С тоской протягивал он к ней руки, и умоляюще звучал его голос, и это был не голос даже, а вырванная из тела душа.

— Простишь меня?

И вот от этих следов слез, от осунувшихся помятых щек, от подбородка, который в этот мрачный час казался исхудавшим, от всего ее съежившегося существа опять отделилось что-то краткое и в то же время бесконечное, что-то мимолетное и вечное, что-то обыденное и ни с чем несравнимое: взгляд, тот незабвенный взгляд.

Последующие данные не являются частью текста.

(* Let $n>2$ be an integer, $p_1,\dots,p_n$ distinct primes, and $(X,r)$ an indecomposable multipermutation solution of the YBE with $|X|=p_1\cdots p_n$ and multipermutation level $n$. Then $|\mathcal G(X,r)|>p_1\cdots p_n$.
   Context: A solution of the Yang–Baxter equation (YBE) is a pair $(X,r)$, where $X$ is a non-empty set and $r\colon X\times X\to X\times X$, written $r(x,y)=(\sigma_x(y),\gamma_y(x))$, satisfies: $r^2=\mathrm{id}$; all $\sigma_x,\gamma_y$ are bijections of $X$; and $r_{12}r_{23}r_{12}=r_{23}r_{12}r_{23}$ on $X^3$, where $r_{12}=r\times\mathrm{id}_X$, $r_{23}=\mathrm{id}_X\times r$. $\mathcal G(X,r)=\langle\sigma_x:x\in X\rangle\le\mathrm{Sym}_X$; $(X,r)$ is indecomposable if $\mathcal G(X,r)$ is transitive on $X$. Retract: $x\sim y\iff\sigma_x=\sigma_y$, inducing a solution $\mathrm{Ret}(X,r)$ on $X/{\sim}$; $\mathrm{Ret}^k$ is the $k$-fold iterate; $(X,r)$ is multipermutation if $|\mathrm{Ret}^k(X,r)|=1$ for some $k\ge1$, the least such $k$ being its multipermutation level. *)

theory Defs
  imports "HOL-Algebra.Bij" "HOL-Algebra.Generated_Groups" "HOL-Computational_Algebra.Primes"
begin

definition ybe_sigma :: "('a \<times> 'a \<Rightarrow> 'a \<times> 'a) \<Rightarrow> 'a \<Rightarrow> 'a \<Rightarrow> 'a" where
  "ybe_sigma r x y = fst (r (x, y))"

definition ybe_gamma :: "('a \<times> 'a \<Rightarrow> 'a \<times> 'a) \<Rightarrow> 'a \<Rightarrow> 'a \<Rightarrow> 'a" where
  "ybe_gamma r y x = snd (r (x, y))"

definition ybe_solution :: "'a set \<Rightarrow> ('a \<times> 'a \<Rightarrow> 'a \<times> 'a) \<Rightarrow> bool" where
  "ybe_solution X r \<longleftrightarrow>
     X \<noteq> {} \<and>
     (\<forall>x\<in>X. \<forall>y\<in>X. r (x, y) \<in> X \<times> X) \<and>
     (\<forall>x\<in>X. \<forall>y\<in>X. r (r (x, y)) = (x, y)) \<and>
     (\<forall>x\<in>X. bij_betw (ybe_sigma r x) X X) \<and>
     (\<forall>y\<in>X. bij_betw (ybe_gamma r y) X X) \<and>
     (\<forall>x\<in>X. \<forall>y\<in>X. \<forall>z\<in>X.
        (let r12 = (\<lambda>(a, b, c). (fst (r (a, b)), snd (r (a, b)), c));
             r23 = (\<lambda>(a, b, c). (a, fst (r (b, c)), snd (r (b, c))))
         in r12 (r23 (r12 (x, y, z))) = r23 (r12 (r23 (x, y, z)))))"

Вот и все. После этого они остались распростертыми друг подле друга, на том самом месте, где свершились убийственные порывы, безмолвно простертыми, сраженными любовью, более могучей, чем их собственная, вспыхнувшей после того, как поругана и разрушена была святыня красоты.

— Ты любишь меня? — спрашивал он, и в его дыхании выливалась вся его жизнь.

Она склонилась к нему, замирая, с таким движением, которому он не в силах был противиться, и так прильнула к нему, как мокрая одежда к телу, как масло, которое, вливаясь в лампаду, принимает ее форму, замирает в ней и начинает светить.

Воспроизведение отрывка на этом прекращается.